Stored dataset items
**********
(* Let $X\in\mathbb R^{m\times N_0}$ be fixed and let $W^{(i)}\in\mathbb R^{N_{i-1}\times N_i}$, $i=1,\dots,L$, be independent matrices with i.i.d. $\mathcal N(0,1)$ entries, with all $N_k\ge 3$. Let $X^{(0)}=X$, $X^{(i)}=\rho(X^{(i-1)}W^{(i)})$ with $\rho(x)=\max\{0,x\}$ entrywise. (a) For $p\in\mathbb N$, $p\ge2$, and $1\le i\le L$, with probability at least $1-\sum_{k=1}^i 2N_k/N_{k-1}^p$, $$\max_{1\le j\le N_i}\|X^{(i)}_j\|_2\le(4p)^{i/2}\Bigl(\prod_{k=1}^{i-1}N_k\Bigr)^{1/2}\Bigl(\prod_{k=0}^{i-1}\log N_k\Bigr)^{1/2}\|X\|_F.$$ (b) For $1\le i\le L$, $\displaystyle \mathbb E\|X^{(i)}\|_F^2\ge\frac{\|X\|_F^2}{(2\pi)^i}\prod_{k=1}^i N_k$, where the expectation is over the weights.
   Context: $X^{(i)}_j$ denotes the $j$-th column of $X^{(i)}$. *)

theory Defs
  imports "HOL-Probability.Probability"
begin

text \<open>Matrices are functions nat => nat => real, entry (r,c); sizes are carried explicitly.
  The weights of all layers are one point w of the index set below: w (i,a,b) is entry (a,b)
  of W^(i), with a < N (i-1), b < N i.\<close>

definition relu :: "real \<Rightarrow> real" where
  "relu x = max 0 x"

definition weight_index :: "nat \<Rightarrow> (nat \<Rightarrow> nat) \<Rightarrow> (nat \<times> nat \<times> nat) set" where
  "weight_index L N = {(i, a, b). 1 \<le> i \<and> i \<le> L \<and> a < N (i - 1) \<and> b < N i}"

definition weight_space :: "nat \<Rightarrow> (nat \<Rightarrow> nat) \<Rightarrow> ((nat \<times> nat \<times> nat) \<Rightarrow> real) measure" where
  "weight_space L N = PiM (weight_index L N) (\<lambda>_. density lborel std_normal_density)"

fun layer :: "(nat \<Rightarrow> nat) \<Rightarrow> (nat \<Rightarrow> nat \<Rightarrow> real) \<Rightarrow> ((nat \<times> nat \<times> nat) \<Rightarrow> real)
    \<Rightarrow> nat \<Rightarrow> nat \<Rightarrow> nat \<Rightarrow> real" where
  "layer N X w 0 = X"
| "layer N X w (Suc i) = (\<lambda>r c. relu (\<Sum>k<N i. layer N X w i r k * w (Suc i, k, c)))"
**********
▶ _EXERCISE REQUIREMENTS_
Write out every entry once more, precisely as it stands.

▶ _WRITTEN SOLUTION_
(* Let $X\in\mathbb R^{m\times N_0}$ be fixed and let $W^{(i)}\in\mathbb R^{N_{i-1}\times N_i}$, $i=1,\dots,L$, be independent matrices with i.i.d. $\mathcal N(0,1)$ entries, with all $N_k\ge 3$. Let $X^{(0)}=X$, $X^{(i)}=\rho(X^{(i-1)}W^{(i)})$ with $\rho(x)=\max\{0,x\}$ entrywise. (a) For $p\in\mathbb N$, $p\ge2$, and $1\le i\le L$, with probability at least $1-\sum_{k=1}^i 2N_k/N_{k-1}^p$, $$\max_{1\le j\le N_i}\|X^{(i)}_j\|_2\le(4p)^{i/2}\Bigl(\prod_{k=1}^{i-1}N_k\Bigr)^{1/2}\Bigl(\prod_{k=0}^{i-1}\log N_k\Bigr)^{1/2}\|X\|_F.$$ (b) For $1\le i\le L$, $\displaystyle \mathbb E\|X^{(i)}\|_F^2\ge\frac{\|X\|_F^2}{(2\pi)^i}\prod_{k=1}^i N_k$, where the expectation is over the weights.
   Context: $X^{(i)}_j$ denotes the $j$-th column of $X^{(i)}$. *)

theory Defs
  imports "HOL-Probability.Probability"
begin

text \<open>Matrices are functions nat => nat => real, entry (r,c); sizes are carried explicitly.
  The weights of all layers are one point w of the index set below: w (i,a,b) is entry (a,b)
  of W^(i), with a < N (i-1), b < N i.\<close>

definition relu :: "real \<Rightarrow> real" where
  "relu x = max 0 x"

definition weight_index :: "nat \<Rightarrow> (nat \<Rightarrow> nat) \<Rightarrow> (nat \<times> nat \<times> nat) set" where
  "weight_index L N = {(i, a, b). 1 \<le> i \<and> i \<le> L \<and> a < N (i - 1) \<and> b < N i}"

definition weight_space :: "nat \<Rightarrow> (nat \<Rightarrow> nat) \<Rightarrow> ((nat \<times> nat \<times> nat) \<Rightarrow> real) measure" where
  "weight_space L N = PiM (weight_index L N) (\<lambda>_. density lborel std_normal_density)"

fun layer :: "(nat \<Rightarrow> nat) \<Rightarrow> (nat \<Rightarrow> nat \<Rightarrow> real) \<Rightarrow> ((nat \<times> nat \<times> nat) \<Rightarrow> real)
    \<Rightarrow> nat \<Rightarrow> nat \<Rightarrow> nat \<Rightarrow> real" where
  "layer N X w 0 = X"
| "layer N X w (Suc i) = (\<lambda>r c. relu (\<Sum>k<N i. layer N X w i r k * w (Suc i, k, c)))"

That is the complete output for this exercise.